→ TASK DESCRIPTION: Match the string "proof" against each line below, and copy every line that matches.

→ DATA IN THIS EXERCISE:
==================================================

(* For $k\in\mathbb{N}^{d+1}$, $(\mathfrak t,p)\in\mathcal E$, $\mathfrak l\in\mathfrak L$ and any $\hat F\in\mathcal{D}_{\mathfrak l}\otimes\mathscr P$ one has $$\sum_{\ell\in\mathbb N^{d+1}}\binom{k}{\ell}\partial^{k-\ell}D_{(\mathfrak t,p-\ell)}\hat F=D_{(\mathfrak t,p)}\,\partial^k\hat F,$$ with the convention that $\partial^q=D_{(\mathfrak t,q)}=0$ unless $q_i\ge0$ for all $i$.
   Context: Fix $d\ge1$, a finite set $\mathfrak L$ of labels, and $\mathcal E=\mathfrak L\times\mathbb{N}^{d+1}$. Let $(\mathfrak X_o)_{o\in\mathcal E}$ be commuting indeterminates and $\mathscr P$ the real algebra of smooth functions of finitely many of them. For $o\in\mathcal E$, $D_o:\mathscr P\to\mathscr P$ is differentiation with respect to $\mathfrak X_o$; for $i\in\{0,\dots,d\}$, with $e_i$ the canonical basis vectors, set $\partial_i\mathfrak X_{(\mathfrak t,p)}=\mathfrak X_{(\mathfrak t,p+e_i)}$ and $\partial_iF=\sum_o\partial_i\mathfrak X_o\,D_oF$. For each $\mathfrak l\in\mathfrak L$ a finite subset $\mathcal E_+(\mathfrak l)\subset\mathcal E$ is given, and for a fixed integer $k_\star$, $\mathcal D_{\mathfrak l}$ is the commutative unital algebra generated by $\{\mathfrak d_o\}_{o\in\mathcal E_+(\mathfrak l)}$ quotiented by the ideal generated by monomials $\mathfrak d^\alpha$ with $\max_o\alpha_o>k_\star$. On $\mathcal D_{\mathfrak l}$ set $D_o\mathfrak d=\mathfrak d_o\cdot\mathfrak d$ if $o\in\mathcal E_+(\mathfrak l)$ and $0$ otherwise; extend to $\mathcal D_{\mathfrak l}\otimes\mathscr P$ by $D_o(\mathfrak d\otimes F)=\mathfrak d\otimes D_oF+D_o\mathfrak d\otimes F$ and set $\partial_i(\mathfrak d\otimes F)=\mathfrak d\otimes\partial_iF+\sum_{o}D_o\mathfrak d\otimes F\,\partial_i\mathfrak X_o$. $\partial^k=\prod_i\partial_i^{k_i}$, and $\binom{k}{\ell}=\prod_i\binom{k_i}{\ell_i}$ (zero unless $\ell\le k$ componentwise). *)

theory Defs
  imports "HOL-Analysis.Analysis"
begin
theorem lemma24:
  fixes V :: "'v set" and E :: "'v set set" and cV :: "'v \<Rightarrow> real"
    and cEG cEH :: "'v set \<Rightarrow> real" and s t :: 'v
  assumes "cgraph V E"
    and "\<forall>i\<in>V. 0 \<le> cV i"
    and "\<forall>e\<in>E. 0 \<le> cEG e" and "\<forall>e\<in>E. 0 \<le> cEH e"
    and "{s, t} \<in> E"
    and "\<forall>e\<in>E. e \<noteq> {s, t} \<longrightarrow> cEG e = cEH e"
    and "no_simult_sat V E cV cEG" and "no_simult_sat V E cV cEH"
    and "dep_graph V E cV cEG = dep_graph V E cV cEH"
  shows "(\<Sum>i\<in>V. \<bar>(cV i - vload E (rising_tide V E cV cEG) i)
                   - (cV i - vload E (rising_tide V E cV cEH) i)\<bar>)
         \<le> 2 * \<bar>cEG {s, t} - cEH {s, t}\<bar>"
proof -
  interpret G: capacitated_graph V E cV cEG using assms(1-3) by unfold_locales
  interpret H: capacitated_graph V E cV cEH using assms(1,2,4) by unfold_locales
  define D where "D = dep_graph V E cV cEG"
  define x where "x e = rising_tide V E cV cEH e - rising_tide V E cV cEG e" for e
  have "(\<Sum>i\<in>V. \<bar>(cV i - vload E (rising_tide V E cV cEG) i)
                   - (cV i - vload E (rising_tide V E cV cEH) i)\<bar>)
      = (\<Sum>i\<in>V. \<bar>\<Sum>e\<in>{e\<in>E. i \<in> e}. x e\<bar>)"
    by (simp add: x_def vload_def sum_subtractf)
  also have "\<dots> \<le> 2 * (\<Sum>e\<in>{e\<in>E. \<forall>i. \<not> owns D i e}. \<bar>x e\<bar>)"
  proof (rule sum_abs_incident_le_unowned[OF assms(1)])
    show "owns D i e \<Longrightarrow> e \<in> E \<and> i \<in> e" for i e
      unfolding D_def G.owns_dep_graph_iff by blast
    show "owns D i e \<Longrightarrow> owns D i e' \<Longrightarrow> x e = x e'" for i e e'
      using G.rising_tide_owned_eq H.rising_tide_owned_eq unfolding x_def D_def assms(9) by metis
    show "owns D i e \<Longrightarrow> (\<Sum>e\<in>{e\<in>E. i \<in> e}. x e) = 0" for i e
      using G.rising_tide_owner_saturated H.rising_tide_owner_saturated
      unfolding x_def D_def assms(9) vsat_def vload_def by (fastforce simp: sum_subtractf)
  qed
  also have "\<dots> = 2 * (\<Sum>e\<in>{e\<in>E. \<forall>i. \<not> owns D i e}. \<bar>cEG e - cEH e\<bar>)"
    using G.rising_tide_unowned_saturated H.rising_tide_unowned_saturated
    unfolding x_def D_def assms(9) esat_def by (auto intro!: sum.cong)
  also have "\<dots> \<le> 2 * (\<Sum>e\<in>E. \<bar>cEG e - cEH e\<bar>)"
    using cgraph_finite_edges[OF assms(1)] by (simp add: sum_mono2)
  also have "(\<Sum>e\<in>E. \<bar>cEG e - cEH e\<bar>) = \<bar>cEG {s, t} - cEH {s, t}\<bar>"
    using cgraph_finite_edges[OF assms(1)] assms(5,6) by (simp add: sum.remove sum.neutral)
  finally show ?thesis .
qed

end
(* Let $(\mathfrak g,[\cdot,\cdot]_{\mathfrak g})$ be a finite-dimensional Lie algebra and suppose its dual space $\mathfrak g^*$ carries a Lie bracket $[\cdot,\cdot]_{\mathfrak g^*}$. Let $E:\mathfrak g\to\mathfrak g$ be linear with dual map $E^*:\mathfrak g^*\to\mathfrak g^*$, and assume that $(\mathfrak g,[\cdot,\cdot]_{\mathfrak g},E)$ and $(\mathfrak g^*,[\cdot,\cdot]_{\mathfrak g^*},E^* )$ are ENL algebras. Then the following are equivalent: (i) $((\mathfrak g,E),(\mathfrak g^*,E^* );\mathrm{ad}^*,\mathfrak{ad}^* )$ is a matched pair of ENL algebras, where $\mathrm{ad}^*$ is the coadjoint action of $\mathfrak g$ on $\mathfrak g^*$ and $\mathfrak{ad}^*$ is the coadjoint action of $\mathfrak g^*$ on $\mathfrak g$; (ii) $((\mathfrak g\oplus\mathfrak g^*,\widehat E,S),(\mathfrak g,E),(\mathfrak g^*,E^* ))$ is a Manin triple of ENL algebras (for a Lie bracket on $\mathfrak g\oplus\mathfrak g^*$), where $\widehat E(x+\xi)=Ex+E^*\xi$ and $S(x+\xi,y+\eta)=\xi(y)+\eta(x)$ for $x,y\in\mathfrak g$, $\xi,\eta\in\mathfrak g^*$.
   Context: All vector spaces are finite-dimensional over an algebraically closed field of characteristic zero. An ENL algebra $(\mathfrak g,[\cdot,\cdot],E)$ is a Lie algebra with a linear map $E$ satisfying $E[x,y]=[x,Ey]$ for all $x,y$ (equivalently $E\circ\mathrm{ad}_x=\mathrm{ad}_x\circ E$, equivalently $E[x,y]=[Ex,y]$). Coadjoint actions: $\langle\mathrm{ad}^*_x\xi,y\rangle=-\langle\xi,[x,y]_{\mathfrak g}\rangle$ and $\langle\mathfrak{ad}^*_\xi x,\eta\rangle=-\langle x,[\xi,\eta]_{\mathfrak g^*}\rangle$. A matched pair of Lie algebras $(\mathfrak g,\mathfrak h;\rho,\mu)$ consists of Lie algebras $\mathfrak g,\mathfrak h$ and representations $\rho:\mathfrak g\to\mathfrak{gl}(\mathfrak h)$, $\mu:\mathfrak h\to\mathfrak{gl}(\mathfrak g)$ with $\rho(x)[\xi,\eta]_{\mathfrak h}=[\rho(x)\xi,\eta]_{\mathfrak h}+[\xi,\rho(x)\eta]_{\mathfrak h}+\rho(\mu(\eta)x)\xi-\rho(\mu(\xi)x)\eta$ and $\mu(\xi)[x,y]_{\mathfrak g}=[\mu(\xi)x,y]_{\mathfrak g}+[x,\mu(\xi)y]_{\mathfrak g}+\mu(\rho(y)\xi)x-\mu(\rho(x)\xi)y$ for all $x,y\in\mathfrak g,\ \xi,\eta\in\mathfrak h$. For ENL algebras $(\mathfrak g,E)$, $(\mathfrak h,F)$, a matched pair of ENL algebras $((\mathfrak g,E),(\mathfrak h,F);\rho,\mu)$ is a matched pair of Lie algebras $(\mathfrak g,\mathfrak h;\rho,\mu)$ with $F(\rho(x)\xi)=\rho(Ex)\xi=\rho(x)(F\xi)$ and $E(\mu(\xi)x)=\mu(F\xi)x=\mu(\xi)(Ex)$ for all $x\in\mathfrak g,\xi\in\mathfrak h$. A quadratic ENL algebra $(\mathcal G,\mathcal E,S)$ is an ENL algebra $(\mathcal G,\mathcal E)$ with a nondegenerate symmetric bilinear form $S$ that is invariant ($S([x,y],z)+S(y,[x,z])=0$) and satisfies $S(\mathcal Ex,y)=S(x,\mathcal Ey)$. A Manin triple of ENL algebras $((\mathcal G,\mathcal E,S),(\mathfrak g,E),(\mathfrak h,F))$ consists of a quadratic ENL algebra $(\mathcal G,\mathcal E,S)$ and ENL algebras $(\mathfrak g,E),(\mathfrak h,F)$ such that $\mathfrak g,\mathfrak h$ are Lie subalgebras of $\mathcal G$ with $\mathcal E|_{\mathfrak g}=E$, $\mathcal E|_{\mathfrak h}=F$, $\mathcal G=\mathfrak g\oplus\mathfrak h$ as vector spaces, and $S(\mathfrak g,\mathfrak g)=0=S(\mathfrak h,\mathfrak h)$. *)

theory Defs
  imports "HOL-Computational_Algebra.Polynomial" "HOL-Library.Function_Algebras" "HOL-Library.Product_Plus"
begin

==================================================

→ RESULT OF THIS EXERCISE:
proof -
  proof (rule sum_abs_incident_le_unowned[OF assms(1)])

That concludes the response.